Len stared at her in befuddlement, then guffawed so hard that he could barely catch his breath. Natalia gave him a confused look. “Those clever little bastards! The Ich-Ca-Gan must have sent that somehow. A spoofed text message. Of course a text message—they can’t talk! I asked the Ich-Ca-Gan for details about your arrival, but they wouldn’t tell me anything. They just said to be patient and wait and that they’d take care of that part themselves. They wouldn’t discuss that part of the plan with me…”
“Holy shit. So Salvatierra was telling truth? He really didn’t order boat?”
“So of course you show up with a full crew and a floating arsenal. The Ich-Ca-Gan wanted Salvatierra to be outgunned!” Len continued laughing, despite the stabbing pain in his rib.
“We killed him for nothing?” Natalia couldn’t help herself. She started giggling too.
“Do you feel bad?” Len asked, trying to catch his breath. “I don’t.”
“Fuck no. I don’t like him anyway. He was asshole. He always underpay me.” Natalia was now laughing so hard that tears were coming down her cheeks.
They both chortled until they were wheezing and had to stop.

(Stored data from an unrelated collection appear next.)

lemma distinct_graft_cherry_rows:
  assumes "distinct L" and L: "\<forall>t\<in>set L. s_decreasing_tree s t"
  shows "distinct (concat (map (graft_cherry_row x) L))"
proof (rule distinct_concat)
  have "t = u" if "t \<in> set L" "u \<in> set L" "graft_cherry_row x t = graft_cherry_row x u" for t u
  proof -
    have "leaves t \<noteq> []" "leaves u \<noteq> []"
      using that L leaves_s_decreasing_tree_not_Nil by auto
    then have "graft_cherry x t (hd (leaves t)) = graft_cherry x u (hd (leaves u))"
      using that(3) by (metis hd_map)
    then show ?thesis
      using graft_cherry_inj(1) L that \<open>leaves t \<noteq> []\<close> \<open>leaves u \<noteq> []\<close> by (meson hd_in_set)
  qed
  then show "distinct (map (graft_cherry_row x) L)"
    using assms(1) by (auto simp: distinct_map inj_on_def)
  show "distinct r" if "r \<in> set (map (graft_cherry_row x) L)" for r
    using that L graft_cherry_inj(2) by (auto simp: distinct_map inj_on_def distinct_leaves(1))
  show "set r \<inter> set r' = {}"
    if "r \<in> set (map (graft_cherry_row x) L)" "r' \<in> set (map (graft_cherry_row x) L)" "r \<noteq> r'" for r r'
    using that L graft_cherry_inj(1) by fastforce
qed

lemma s_permutahedron_hamiltonian_path:
  "\<exists>L. distinct L \<and> set L = {T. s_decreasing_tree s T} \<and> successively (s_perm_edge s) L"
proof (induction s)
  case Nil
  show ?case
    by (rule exI[of _ "[Leaf]"]) (simp add: s_decreasing_tree_Nil)
next
  case (Cons x s)
  then obtain L where L: "distinct L" "set L = {t. s_decreasing_tree s t}" "successively (s_perm_edge s) L"
    by blast
  let ?rows = "map (graft_cherry_row x) L"
  have dec: "\<forall>t\<in>set L. s_decreasing_tree s t"
    using L(2) by simp
  have "distinct (boustrophedon True ?rows)"
    using distinct_graft_cherry_rows[OF L(1) dec] by (simp add: distinct_boustrophedon)
  moreover have "set (boustrophedon True ?rows) = {T. s_decreasing_tree (x # s) T}"
  proof -
    have "T \<in> set (concat ?rows)" if T: "s_decreasing_tree (x # s) T" for T
    proof -
      obtain t p where "s_decreasing_tree s t" "p \<in> set (leaves t)" "T = graft_cherry x t p"
        using graft_cherry_surj[OF T] .
      then show ?thesis
        using L(2) by auto
    qed
    then show ?thesis
      using dec by (auto simp: set_boustrophedon intro: s_decreasing_tree_graft_cherry)
  qed
  moreover have "successively (s_perm_edge (x # s)) (boustrophedon True ?rows)"
  proof (rule successively_boustrophedon)
    show "s_perm_edge (x # s) T U \<Longrightarrow> s_perm_edge (x # s) U T" for T U
      by (auto simp: s_perm_edge_def)
    show "\<forall>r\<in>set ?rows. r \<noteq> [] \<and> successively (s_perm_edge (x # s)) r"
      using dec by (auto simp: leaves_s_decreasing_tree_not_Nil successively_s_perm_edge_graft_cherry_row)
    show "successively (\<lambda>r r'. s_perm_edge (x # s) (hd r) (hd r') \<and> s_perm_edge (x # s) (last r) (last r')) ?rows"
      unfolding successively_map using L(3)
      by (elim successively_mono) (use dec s_perm_edge_graft_cherry_row_ends in blast)
  qed
  ultimately show ?case
    by blast
qed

“Look, I’m sorry that you lost your investment on the boat,” Len said once he caught his breath. “I’ll make it up to you somehow.”
“Len, I am sorry too,” she said softly. “Truly, deeply. I should have known you weren’t traitor. I feel terrible for what I said in camp.”

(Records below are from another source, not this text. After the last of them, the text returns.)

lemma map_iso_refl:
  assumes "rooted_map (m, s, a)"
  shows "map_iso (m, s, a) (m, s, a)"
proof -
  note perm = rooted_map_permutes[OF assms]
  have "id \<in> root_fixing_perms m" by (simp add: root_fixing_perms_def permutes_id)
  moreover have "s = map_permutation {0..<m} id s" "a = map_permutation {0..<m} id a"
    using perm by simp_all
  ultimately show ?thesis
    unfolding map_iso_iff_relabel[OF perm] by blast
qed

lemma map_iso_sym:
  assumes "rooted_map (m, s, a)" "rooted_map (m', s', a')" "map_iso (m, s, a) (m', s', a')"
  shows "map_iso (m', s', a') (m, s, a)"
proof -
  note perm = rooted_map_permutes[OF assms(1)]
  obtain \<phi> where "\<phi> \<in> root_fixing_perms m" "m' = m"
    and s': "s' = map_permutation {0..<m} \<phi> s" and a': "a' = map_permutation {0..<m} \<phi> a"
    using assms(3) unfolding map_iso_iff_relabel[OF rooted_map_permutes[OF assms(2)]] by blast
  then have \<phi>: "\<phi> permutes {0..<m}" "\<phi> 0 = 0" by (auto simp: root_fixing_perms_def)
  have "inv \<phi> \<in> root_fixing_perms m"
    using \<phi> permutes_inv[OF \<phi>(1)] permutes_inv_eq[OF \<phi>(1)] by (auto simp: root_fixing_perms_def)
  moreover have "map_permutation {0..<m} (inv \<phi>) (map_permutation {0..<m} \<phi> p) = p"
    if "p permutes {0..<m}" for p
    using permutes_imp_bij[OF \<phi>(1)] that permutes_inverses(2)[OF \<phi>(1)]
    by (rule map_permutation_compose_inv)
  then have "s = map_permutation {0..<m} (inv \<phi>) s'" "a = map_permutation {0..<m} (inv \<phi>) a'"
    using perm s' a' by simp_all
  ultimately show ?thesis
    unfolding map_iso_iff_relabel[OF perm] using \<open>m' = m\<close> by blast
qed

“Forget it. I’m a journalist; my whole career has been people hating my guts. I’m used to it. Please just give me the benefit of the doubt from now on. OK?”

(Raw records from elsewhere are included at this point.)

lemma prime_dvd_power_add:
  fixes x y :: "'a::comm_ring_1"
  assumes "prime p"
  shows "of_nat p dvd (x + y) ^ p - (x ^ p + y ^ p)"
proof -
  have p: "p \<ge> 2"
    using assms prime_ge_2_nat by blast
  then have "{..p} = insert 0 (insert p {1..<p})"
    by auto
  then have "(x + y) ^ p - (x ^ p + y ^ p) = (\<Sum>k\<in>{1..<p}. of_nat (p choose k) * x ^ k * y ^ (p - k))"
    using p by (simp add: binomial_ring)
  moreover have "of_nat p dvd of_nat (p choose k) * x ^ k * y ^ (p - k)" if "k \<in> {1..<p}" for k
  proof -
    have "p dvd p choose k"
      using that assms by (intro dvd_choose_prime) auto
    then show ?thesis
      by (metis dvd_mult2 dvd_def of_nat_mult)
  qed
  ultimately show ?thesis
    by (metis (no_types, lifting) dvd_sum)
qed

lemma subst_diff_dvd:
  assumes "\<And>v. k dvd \<sigma> v - \<tau> v"
  shows "k dvd subst \<sigma> q - subst \<tau> q"
  using subset_UNIV
proof (induction q rule: frag_induction)
  case (one mo)
  then show ?case
    unfolding subst_frag_of subst_monomial_def by (intro prod_diff_dvd power_diff_dvd assms)
next
  case (diff a b)
  have "subst \<sigma> (a - b) - subst \<tau> (a - b) = (subst \<sigma> a - subst \<tau> a) - (subst \<sigma> b - subst \<tau> b)"
    by (simp add: algebra_simps)
  then show ?case
    using diff by (metis dvd_diff)
qed simp

lemma frobenius_dvd:
  assumes "prime p"
  shows "of_nat p dvd subst (\<lambda>v. Var v ^ p) u - u ^ p"
  using subset_UNIV
proof (induction u rule: frag_induction)
  case zero
  then show ?case
    using assms prime_gt_0_nat by (simp add: power_0_left)
next
  case (one mo)
  have "subst_monomial (\<lambda>v. Var v ^ p) mo = subst_monomial Var mo ^ p"
    by (simp add: subst_monomial_def prod_power_distrib flip: power_mult mult.commute)
  then show ?case
    by (simp add: subst_monomial_Var)
next
  case (diff a b)
  let ?F = "subst (\<lambda>v. Var v ^ p)"
  have "?F (a - b) - (a - b) ^ p = ((?F a - a ^ p) - (?F b - b ^ p)) + (a ^ p - ((a - b) ^ p + b ^ p))"
    by (simp add: algebra_simps)
  moreover have "of_nat p dvd a ^ p - ((a - b) ^ p + b ^ p)"
    using prime_dvd_power_add[OF assms, of "a - b" b] by simp
  ultimately show ?case
    using diff by (simp only: dvd_add dvd_diff)
qed

lemma Lambda_Var:
  "Lambda p (Var v) = (case v of Inl i \<Rightarrow> xv i ^ p | Inr i \<Rightarrow> xv i ^ p + (yv i - xv i) ^ p)"
  by (simp add: Lambda_def)

lemma Lambda_eq_subst: "Lambda p u = subst (\<lambda>v. Lambda p (Var v)) u"
  by (simp add: Lambda_def)

lemma Lambda_dvd:
  assumes "prime p"
  shows "of_nat p dvd Lambda p u - u ^ p"
proof -
  let ?F = "subst (\<lambda>v. Var v ^ p)"
  have "of_nat p dvd Lambda p (Var v) - Var v ^ p" for v
  proof (cases v)
    case (Inr i)
    have "of_nat p dvd - ((xv i + (yv i - xv i)) ^ p - (xv i ^ p + (yv i - xv i) ^ p))"
      unfolding dvd_minus_iff by (rule prime_dvd_power_add[OF assms])
    then show ?thesis
      using Inr by (simp add: Lambda_Var)
  qed (simp add: Lambda_Var)
  then have "of_nat p dvd Lambda p u - ?F u"
    unfolding Lambda_eq_subst[of p u] by (rule subst_diff_dvd)
  moreover have "Lambda p u - u ^ p = (Lambda p u - ?F u) + (?F u - u ^ p)"
    by simp
  ultimately show ?thesis
    using frobenius_dvd[OF assms, of u] by (simp only: dvd_add)
qed

lemma map_div_of_nat_mult:
  "p > 0 \<Longrightarrow> Poly_Mapping.map (\<lambda>c. c div int p) (of_nat p * q) = (q :: 'v mpoly)"
  using of_int_mult_eq_frag_cmul[of "int p" q]
  by (intro poly_mapping_eqI) (simp add: Poly_Mapping.map.rep_eq when_def)

lemma of_nat_mult_cancel:
  "p > 0 \<Longrightarrow> of_nat p * a = of_nat p * b \<Longrightarrow> (a :: 'v mpoly) = b"
  by (metis map_div_of_nat_mult)

lemma of_nat_mult_phi:
  assumes "prime p"
  shows "of_nat p * phi p u = Lambda p u - u ^ p"
proof -
  obtain c where "Lambda p u - u ^ p = of_nat p * c"
    using Lambda_dvd[OF assms] by blast
  then show ?thesis
    using assms prime_gt_0_nat by (simp add: phi_def map_div_of_nat_mult)
qed

lemma subst_Lambda_commute:
  assumes "\<And>v. subst \<theta> (Lambda p (Var v)) = Lambda p (\<theta> v)"
  shows "subst \<theta> (Lambda p u) = Lambda p (subst \<theta> u)"
proof -
  have "subst \<theta> (Lambda p u) = subst (\<lambda>v. subst \<theta> (Lambda p (Var v))) u"
    unfolding Lambda_eq_subst[of p u] by (rule subst_subst)
  also have "\<dots> = subst (\<lambda>v. subst (\<lambda>w. Lambda p (Var w)) (\<theta> v)) u"
    unfolding assms by (rule arg_cong[where f = "\<lambda>\<sigma>. subst \<sigma> u"]) (rule ext, rule Lambda_eq_subst)
  also have "\<dots> = Lambda p (subst \<theta> u)"
    unfolding Lambda_eq_subst[of p "subst \<theta> u"] by (rule subst_subst[symmetric])
  finally show ?thesis .
qed

lemma subst_phi_commute:
  assumes "prime p" "\<And>v. subst \<theta> (Lambda p (Var v)) = Lambda p (\<theta> v)"
  shows "subst \<theta> (phi p u) = phi p (subst \<theta> u)"
proof (rule of_nat_mult_cancel)
  show "p > 0"
    using assms(1) prime_gt_0_nat by blast
  have "of_nat p * subst \<theta> (phi p u) = subst \<theta> (of_nat p * phi p u)"
    by simp
  also have "\<dots> = Lambda p (subst \<theta> u) - subst \<theta> u ^ p"
    by (simp only: of_nat_mult_phi[OF assms(1)] subst_diff subst_power subst_Lambda_commute[OF assms(2)])
  also have "\<dots> = of_nat p * phi p (subst \<theta> u)"
    by (simp only: of_nat_mult_phi[OF assms(1)])
  finally show "of_nat p * subst \<theta> (phi p u) = of_nat p * phi p (subst \<theta> u)" .
qed

lemma vars_phi_Inl:
  assumes "vars u \<subseteq> Inl ` I"
  shows "vars (phi p u) \<subseteq> Inl ` I"
proof -
  have "vars (Lambda p u) \<subseteq> (\<Union>v\<in>vars u. vars (Lambda p (Var v)))"
    unfolding Lambda_eq_subst[of p u] by (rule vars_subst)
  also have "\<dots> \<subseteq> Inl ` I"
  proof (intro UN_least)
    fix v assume "v \<in> vars u"
    then obtain i where i: "v = Inl i" "i \<in> I"
      using assms by blast
    have "vars (xv i ^ p) \<subseteq> {Inl i}"
      using vars_power[of "xv i" p] by (simp add: vars_Var)
    then show "vars (Lambda p (Var v)) \<subseteq> Inl ` I"
      using i by (simp add: Lambda_Var) blast
  qed
  finally have "vars (Lambda p u) \<subseteq> Inl ` I" .
  moreover have "vars (u ^ p) \<subseteq> Inl ` I"
    using assms vars_power[of u p] by (rule order_trans[rotated])
  ultimately have "vars (Lambda p u - u ^ p) \<subseteq> Inl ` I"
    using vars_diff[of "Lambda p u" "u ^ p"] by blast
  then show ?thesis
    unfolding phi_def using vars_map by (rule order_trans[rotated])
qed

section \<open>Coefficients with respect to a set of variables\<close>

lemma lookup_frag_of_mult:
  fixes a k :: "'v \<Rightarrow>\<^sub>0 nat"
  shows "Poly_Mapping.lookup (frag_of a * q) k =
    (if \<forall>v. Poly_Mapping.lookup a v \<le> Poly_Mapping.lookup k v then Poly_Mapping.lookup q (k - a) else 0)"
  using subset_UNIV
proof (induction q rule: frag_induction)
  case (one b)
  have "k = a + b \<longleftrightarrow> (\<forall>v. Poly_Mapping.lookup a v \<le> Poly_Mapping.lookup k v) \<and> k - a = b"
    by (auto simp: poly_mapping_eq_iff fun_eq_iff lookup_add minus_poly_mapping.rep_eq)
      (metis le_add_diff_inverse)
  then show ?case
    by (simp add: mult_single)
next
  case (diff q1 q2)
  then show ?case
    by (simp add: right_diff_distrib lookup_minus)
qed simp

text \<open>Regarding \<open>q\<close> as a polynomial in the variables \<open>Y\<close> with coefficients in the remaining
  ones, \<open>partial_coeff Y t q\<close> is the coefficient of the monomial \<open>t\<close> (meant to be supported in \<open>Y\<close>).\<close>

definition partial_coeff :: "'v set \<Rightarrow> ('v \<Rightarrow>\<^sub>0 nat) \<Rightarrow> 'v mpoly \<Rightarrow> 'v mpoly" where
  "partial_coeff Y t q = Abs_poly_mapping (\<lambda>mo.
     if \<forall>v\<in>Y. Poly_Mapping.lookup mo v = 0 then Poly_Mapping.lookup q (mo + t) else 0)"

lemma lookup_partial_coeff:
  "Poly_Mapping.lookup (partial_coeff Y t q) mo =
    (if \<forall>v\<in>Y. Poly_Mapping.lookup mo v = 0 then Poly_Mapping.lookup q (mo + t) else 0)"
proof -
  have "{mo. (if \<forall>v\<in>Y. Poly_Mapping.lookup mo v = 0 then Poly_Mapping.lookup q (mo + t) else 0) \<noteq> 0}
      \<subseteq> (\<lambda>mo. mo + t) -` Poly_Mapping.keys q"
    by (auto simp: in_keys_iff split: if_splits)
  moreover have "finite ((\<lambda>mo. mo + t) -` Poly_Mapping.keys q)"
    by (rule finite_vimageI) (auto simp: inj_on_def)
  ultimately show ?thesis
    unfolding partial_coeff_def by (simp add: finite_subset)
qed

lemma partial_coeff_0 [simp]: "partial_coeff Y t 0 = 0"
  by (rule poly_mapping_eqI) (simp add: lookup_partial_coeff)

lemma partial_coeff_add [simp]: "partial_coeff Y t (a + b) = partial_coeff Y t a + partial_coeff Y t b"
  by (rule poly_mapping_eqI) (simp add: lookup_partial_coeff lookup_add)

lemma partial_coeff_diff [simp]: "partial_coeff Y t (a - b) = partial_coeff Y t a - partial_coeff Y t b"
  by (rule poly_mapping_eqI) (simp add: lookup_partial_coeff lookup_minus)

lemma partial_coeff_sum [simp]: "partial_coeff Y t (\<Sum>i\<in>I. f i) = (\<Sum>i\<in>I. partial_coeff Y t (f i))"
  by (induction I rule: infinite_finite_induct) simp_all

lemma partial_coeff_mult_free:
  assumes "vars G \<inter> Y = {}" "Poly_Mapping.keys t \<subseteq> Y"
  shows "partial_coeff Y t (G * q) = G * partial_coeff Y t q"
proof -
  have "v \<notin> Poly_Mapping.keys a" if "a \<in> Poly_Mapping.keys G" "v \<in> Y" for a v
    using assms(1) that unfolding vars_def by blast
  then have "Poly_Mapping.keys G \<subseteq> {a. \<forall>v\<in>Y. Poly_Mapping.lookup a v = 0}"
    by (auto simp: in_keys_iff)
  then show ?thesis
  proof (induction G rule: frag_induction)
    case (one a)
    then have a: "Poly_Mapping.lookup a v = 0" if "v \<in> Y" for v
      using that by blast
    have t: "Poly_Mapping.lookup t v = 0" if "v \<notin> Y" for v
      using assms(2) that by (auto simp: in_keys_iff)
    show ?case
    proof (rule poly_mapping_eqI)
      fix mo
      show "Poly_Mapping.lookup (partial_coeff Y t (frag_of a * q)) mo =
          Poly_Mapping.lookup (frag_of a * partial_coeff Y t q) mo"
      proof (cases "\<forall>v\<in>Y. Poly_Mapping.lookup mo v = 0")
        case True
        have "Poly_Mapping.lookup a v \<le> Poly_Mapping.lookup mo v + Poly_Mapping.lookup t v
            \<longleftrightarrow> Poly_Mapping.lookup a v \<le> Poly_Mapping.lookup mo v" for v
          using a[of v] t[of v] by (cases "v \<in> Y") simp_all
        moreover have "mo + t - a = mo - a + t"
        proof (rule poly_mapping_eqI)
          fix v
          show "Poly_Mapping.lookup (mo + t - a) v = Poly_Mapping.lookup (mo - a + t) v"
            using a[of v] t[of v] by (cases "v \<in> Y") (simp_all add: lookup_add minus_poly_mapping.rep_eq)
        qed
        ultimately show ?thesis
          using True by (simp add: lookup_partial_coeff lookup_frag_of_mult lookup_add minus_poly_mapping.rep_eq)
      next
        case False
        then show ?thesis
          using a by (auto simp: lookup_partial_coeff lookup_frag_of_mult minus_poly_mapping.rep_eq)
      qed
    qed
  qed (simp_all add: left_diff_distrib)
qed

“Deal,” Natalia said, and hugged him. Len kissed her. “So now what?” she asked.
“I have no idea. I was thinking of going back to Pittsburgh to see what’s left of my life there. Wanna come along?”
“Might as well. I don’t know what hell else to do.”
“What about your business?”
“If I think about it, with no more Tchogols or Dranthyx, maybe there will be no more war. Who will buy weapons? There is no fighting if only reasonable people are left. Also, Russian government does not exist anymore, so who will I buy from? Maybe it is time for new career.”